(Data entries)
lemma in_Scheds_if_agrees:
  assumes "\<And>s0 h. s0 \<in> S \<Longrightarrow> set h \<subseteq> Act \<times> S \<Longrightarrow>
             \<exists>\<tau>\<in>Scheds. \<exists>s0' h'. s0' \<in> S \<and> set h' \<subseteq> Act \<times> S \<and>
               last_state s0' h' = last_state s0 h \<and> \<sigma> s0 h = \<tau> s0' h'"
  shows "\<sigma> \<in> Scheds"
  unfolding scheds_def is_sched_def mem_Collect_eq
proof (intro allI impI)
  fix s0 h assume "s0 \<in> S \<and> set h \<subseteq> Act \<times> S"
  then obtain \<tau> s0' h' where "\<tau> \<in> Scheds" "s0' \<in> S" "set h' \<subseteq> Act \<times> S"
    "last_state s0' h' = last_state s0 h" "\<sigma> s0 h = \<tau> s0' h'"
    using assms by blast
  then show "(\<forall>\<alpha>. 0 \<le> \<sigma> s0 h \<alpha>) \<and> (\<forall>\<alpha>. \<alpha> \<notin> en (last_state s0 h) \<longrightarrow> \<sigma> s0 h \<alpha> = 0) \<and>
      (\<Sum>\<alpha>\<in>en (last_state s0 h). \<sigma> s0 h \<alpha>) = 1"
    using sched_nonneg sched_disabled sched_sum_en by metis
qed

lemma sched_sum:
  assumes "\<sigma> \<in> Scheds" "s0 \<in> S" "set h \<subseteq> Act \<times> S"
  shows "(\<Sum>\<alpha>\<in>Act. \<sigma> s0 h \<alpha>) = 1"
proof -
  have "(\<Sum>\<alpha>\<in>Act. \<sigma> s0 h \<alpha>) = (\<Sum>\<alpha>\<in>en (last_state s0 h). \<sigma> s0 h \<alpha>)"
    by (rule sum.mono_neutral_right[OF finite_Act en_subset]) (use sched_disabled[OF assms] in auto)
  then show ?thesis using sched_sum_en[OF assms] by simp
qed

lemma sched_step_sum:
  assumes "\<sigma> \<in> Scheds" "x \<in> S"
  shows "(\<Sum>\<alpha>\<in>Act. \<Sum>y\<in>S. \<sigma> x [] \<alpha> * P x \<alpha> y) = 1"
proof -
  have "(\<Sum>y\<in>S. \<sigma> x [] \<alpha> * P x \<alpha> y) = \<sigma> x [] \<alpha>" for \<alpha>
    using sum_P_en sched_disabled[OF assms, of "[]" \<alpha>]
    by (cases "\<alpha> \<in> en x") (simp_all add: sum_distrib_left[symmetric])
  then show ?thesis using sched_sum[OF assms, of "[]"] by simp
qed

lemma sched_step_sum_plus_const:
  assumes "\<sigma> \<in> Scheds" "x \<in> S"
  shows "(\<Sum>\<alpha>\<in>Act. \<Sum>y\<in>S. \<sigma> x [] \<alpha> * P x \<alpha> y * (c + g \<alpha> y)) =
         c + (\<Sum>\<alpha>\<in>Act. \<Sum>y\<in>S. \<sigma> x [] \<alpha> * P x \<alpha> y * g \<alpha> y)"
proof -
  have "(\<Sum>\<alpha>\<in>Act. \<Sum>y\<in>S. \<sigma> x [] \<alpha> * P x \<alpha> y * (c + g \<alpha> y)) =
        c * (\<Sum>\<alpha>\<in>Act. \<Sum>y\<in>S. \<sigma> x [] \<alpha> * P x \<alpha> y) + (\<Sum>\<alpha>\<in>Act. \<Sum>y\<in>S. \<sigma> x [] \<alpha> * P x \<alpha> y * g \<alpha> y)"
    by (simp add: distrib_left sum.distrib sum_distrib_left mult.commute mult.left_commute)
  then show ?thesis using sched_step_sum[OF assms] by simp
qed

lemma sched_step_sum_const:
  "\<sigma> \<in> Scheds \<Longrightarrow> x \<in> S \<Longrightarrow> (\<Sum>\<alpha>\<in>Act. \<Sum>y\<in>S. \<sigma> x [] \<alpha> * P x \<alpha> y * c) = c"
  using sched_step_sum_plus_const[of \<sigma> x c "\<lambda>_ _. 0"] by simp

lemma sched_step_nonneg: "\<sigma> \<in> Scheds \<Longrightarrow> x \<in> S \<Longrightarrow> \<alpha> \<in> Act \<Longrightarrow> 0 \<le> \<sigma> x [] \<alpha> * P x \<alpha> y"
  using sched_nonneg[of \<sigma> x "[]" \<alpha>] P_nonneg[of x \<alpha> y] by simp

lemma sched_step_pos:
  "\<sigma> \<in> Scheds \<Longrightarrow> x \<in> S \<Longrightarrow> \<alpha> \<in> Act \<Longrightarrow> \<sigma> x [] \<alpha> * P x \<alpha> y \<noteq> 0 \<Longrightarrow> 0 < P x \<alpha> y"
  using sched_nonneg[of \<sigma> x "[]" \<alpha>] P_nonneg[of x \<alpha> y] by (auto simp: less_le)

lemma sched_shift_in_Scheds:
  assumes "\<sigma> \<in> Scheds" "x \<in> S" "\<alpha> \<in> Act" "y \<in> S"
  shows "sched_shift \<sigma> x \<alpha> y \<in> Scheds"
proof (rule in_Scheds_if_agrees)
  fix s0 h assume "s0 \<in> S" "set h \<subseteq> Act \<times> S"
  then show "\<exists>\<tau>\<in>Scheds. \<exists>s0' h'. s0' \<in> S \<and> set h' \<subseteq> Act \<times> S \<and>
      last_state s0' h' = last_state s0 h \<and> sched_shift \<sigma> x \<alpha> y s0 h = \<tau> s0' h'"
  proof (cases "s0 = y")
    case True
    then show ?thesis using assms \<open>set h \<subseteq> Act \<times> S\<close>
      by (intro bexI[of _ \<sigma>] exI[of _ x] exI[of _ "(\<alpha>, y) # h"]) (auto simp: sched_shift_def)
  qed (use assms \<open>s0 \<in> S\<close> \<open>set h \<subseteq> Act \<times> S\<close> in \<open>auto simp: sched_shift_def\<close>)
qed

lemma memoryless_in_Scheds:
  assumes "\<And>y. y \<in> S \<Longrightarrow> d y \<in> en y"
  shows "memoryless d \<in> Scheds"
  unfolding scheds_def is_sched_def mem_Collect_eq
proof (intro allI impI)
  fix s0 h assume "s0 \<in> S \<and> set h \<subseteq> Act \<times> S"
  then have "d (last_state s0 h) \<in> en (last_state s0 h)"
    using assms last_state_in_S by blast
  then show "(\<forall>\<alpha>. 0 \<le> memoryless d s0 h \<alpha>) \<and>
      (\<forall>\<alpha>. \<alpha> \<notin> en (last_state s0 h) \<longrightarrow> memoryless d s0 h \<alpha> = 0) \<and>
      (\<Sum>\<alpha>\<in>en (last_state s0 h). memoryless d s0 h \<alpha>) = 1"
    using finite_en by (auto simp: memoryless_def)
qed

definition default_sched :: "('s, 'a) sched" where
  "default_sched = memoryless (\<lambda>y. SOME \<alpha>. \<alpha> \<in> en y)"

lemma default_sched_in_Scheds: "default_sched \<in> Scheds"
  unfolding default_sched_def
  by (rule memoryless_in_Scheds) (meson en_nonempty ex_in_conv someI)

> _Work instruction_
Please give the full set of data again exactly.

> _Answer for this exercise_
lemma in_Scheds_if_agrees:
  assumes "\<And>s0 h. s0 \<in> S \<Longrightarrow> set h \<subseteq> Act \<times> S \<Longrightarrow>
             \<exists>\<tau>\<in>Scheds. \<exists>s0' h'. s0' \<in> S \<and> set h' \<subseteq> Act \<times> S \<and>
               last_state s0' h' = last_state s0 h \<and> \<sigma> s0 h = \<tau> s0' h'"
  shows "\<sigma> \<in> Scheds"
  unfolding scheds_def is_sched_def mem_Collect_eq
proof (intro allI impI)
  fix s0 h assume "s0 \<in> S \<and> set h \<subseteq> Act \<times> S"
  then obtain \<tau> s0' h' where "\<tau> \<in> Scheds" "s0' \<in> S" "set h' \<subseteq> Act \<times> S"
    "last_state s0' h' = last_state s0 h" "\<sigma> s0 h = \<tau> s0' h'"
    using assms by blast
  then show "(\<forall>\<alpha>. 0 \<le> \<sigma> s0 h \<alpha>) \<and> (\<forall>\<alpha>. \<alpha> \<notin> en (last_state s0 h) \<longrightarrow> \<sigma> s0 h \<alpha> = 0) \<and>
      (\<Sum>\<alpha>\<in>en (last_state s0 h). \<sigma> s0 h \<alpha>) = 1"
    using sched_nonneg sched_disabled sched_sum_en by metis
qed

lemma sched_sum:
  assumes "\<sigma> \<in> Scheds" "s0 \<in> S" "set h \<subseteq> Act \<times> S"
  shows "(\<Sum>\<alpha>\<in>Act. \<sigma> s0 h \<alpha>) = 1"
proof -
  have "(\<Sum>\<alpha>\<in>Act. \<sigma> s0 h \<alpha>) = (\<Sum>\<alpha>\<in>en (last_state s0 h). \<sigma> s0 h \<alpha>)"
    by (rule sum.mono_neutral_right[OF finite_Act en_subset]) (use sched_disabled[OF assms] in auto)
  then show ?thesis using sched_sum_en[OF assms] by simp
qed

lemma sched_step_sum:
  assumes "\<sigma> \<in> Scheds" "x \<in> S"
  shows "(\<Sum>\<alpha>\<in>Act. \<Sum>y\<in>S. \<sigma> x [] \<alpha> * P x \<alpha> y) = 1"
proof -
  have "(\<Sum>y\<in>S. \<sigma> x [] \<alpha> * P x \<alpha> y) = \<sigma> x [] \<alpha>" for \<alpha>
    using sum_P_en sched_disabled[OF assms, of "[]" \<alpha>]
    by (cases "\<alpha> \<in> en x") (simp_all add: sum_distrib_left[symmetric])
  then show ?thesis using sched_sum[OF assms, of "[]"] by simp
qed

lemma sched_step_sum_plus_const:
  assumes "\<sigma> \<in> Scheds" "x \<in> S"
  shows "(\<Sum>\<alpha>\<in>Act. \<Sum>y\<in>S. \<sigma> x [] \<alpha> * P x \<alpha> y * (c + g \<alpha> y)) =
         c + (\<Sum>\<alpha>\<in>Act. \<Sum>y\<in>S. \<sigma> x [] \<alpha> * P x \<alpha> y * g \<alpha> y)"
proof -
  have "(\<Sum>\<alpha>\<in>Act. \<Sum>y\<in>S. \<sigma> x [] \<alpha> * P x \<alpha> y * (c + g \<alpha> y)) =
        c * (\<Sum>\<alpha>\<in>Act. \<Sum>y\<in>S. \<sigma> x [] \<alpha> * P x \<alpha> y) + (\<Sum>\<alpha>\<in>Act. \<Sum>y\<in>S. \<sigma> x [] \<alpha> * P x \<alpha> y * g \<alpha> y)"
    by (simp add: distrib_left sum.distrib sum_distrib_left mult.commute mult.left_commute)
  then show ?thesis using sched_step_sum[OF assms] by simp
qed

lemma sched_step_sum_const:
  "\<sigma> \<in> Scheds \<Longrightarrow> x \<in> S \<Longrightarrow> (\<Sum>\<alpha>\<in>Act. \<Sum>y\<in>S. \<sigma> x [] \<alpha> * P x \<alpha> y * c) = c"
  using sched_step_sum_plus_const[of \<sigma> x c "\<lambda>_ _. 0"] by simp

lemma sched_step_nonneg: "\<sigma> \<in> Scheds \<Longrightarrow> x \<in> S \<Longrightarrow> \<alpha> \<in> Act \<Longrightarrow> 0 \<le> \<sigma> x [] \<alpha> * P x \<alpha> y"
  using sched_nonneg[of \<sigma> x "[]" \<alpha>] P_nonneg[of x \<alpha> y] by simp

lemma sched_step_pos:
  "\<sigma> \<in> Scheds \<Longrightarrow> x \<in> S \<Longrightarrow> \<alpha> \<in> Act \<Longrightarrow> \<sigma> x [] \<alpha> * P x \<alpha> y \<noteq> 0 \<Longrightarrow> 0 < P x \<alpha> y"
  using sched_nonneg[of \<sigma> x "[]" \<alpha>] P_nonneg[of x \<alpha> y] by (auto simp: less_le)

lemma sched_shift_in_Scheds:
  assumes "\<sigma> \<in> Scheds" "x \<in> S" "\<alpha> \<in> Act" "y \<in> S"
  shows "sched_shift \<sigma> x \<alpha> y \<in> Scheds"
proof (rule in_Scheds_if_agrees)
  fix s0 h assume "s0 \<in> S" "set h \<subseteq> Act \<times> S"
  then show "\<exists>\<tau>\<in>Scheds. \<exists>s0' h'. s0' \<in> S \<and> set h' \<subseteq> Act \<times> S \<and>
      last_state s0' h' = last_state s0 h \<and> sched_shift \<sigma> x \<alpha> y s0 h = \<tau> s0' h'"
  proof (cases "s0 = y")
    case True
    then show ?thesis using assms \<open>set h \<subseteq> Act \<times> S\<close>
      by (intro bexI[of _ \<sigma>] exI[of _ x] exI[of _ "(\<alpha>, y) # h"]) (auto simp: sched_shift_def)
  qed (use assms \<open>s0 \<in> S\<close> \<open>set h \<subseteq> Act \<times> S\<close> in \<open>auto simp: sched_shift_def\<close>)
qed

lemma memoryless_in_Scheds:
  assumes "\<And>y. y \<in> S \<Longrightarrow> d y \<in> en y"
  shows "memoryless d \<in> Scheds"
  unfolding scheds_def is_sched_def mem_Collect_eq
proof (intro allI impI)
  fix s0 h assume "s0 \<in> S \<and> set h \<subseteq> Act \<times> S"
  then have "d (last_state s0 h) \<in> en (last_state s0 h)"
    using assms last_state_in_S by blast
  then show "(\<forall>\<alpha>. 0 \<le> memoryless d s0 h \<alpha>) \<and>
      (\<forall>\<alpha>. \<alpha> \<notin> en (last_state s0 h) \<longrightarrow> memoryless d s0 h \<alpha> = 0) \<and>
      (\<Sum>\<alpha>\<in>en (last_state s0 h). memoryless d s0 h \<alpha>) = 1"
    using finite_en by (auto simp: memoryless_def)
qed

definition default_sched :: "('s, 'a) sched" where
  "default_sched = memoryless (\<lambda>y. SOME \<alpha>. \<alpha> \<in> en y)"

lemma default_sched_in_Scheds: "default_sched \<in> Scheds"
  unfolding default_sched_def
  by (rule memoryless_in_Scheds) (meson en_nonempty ex_in_conv someI)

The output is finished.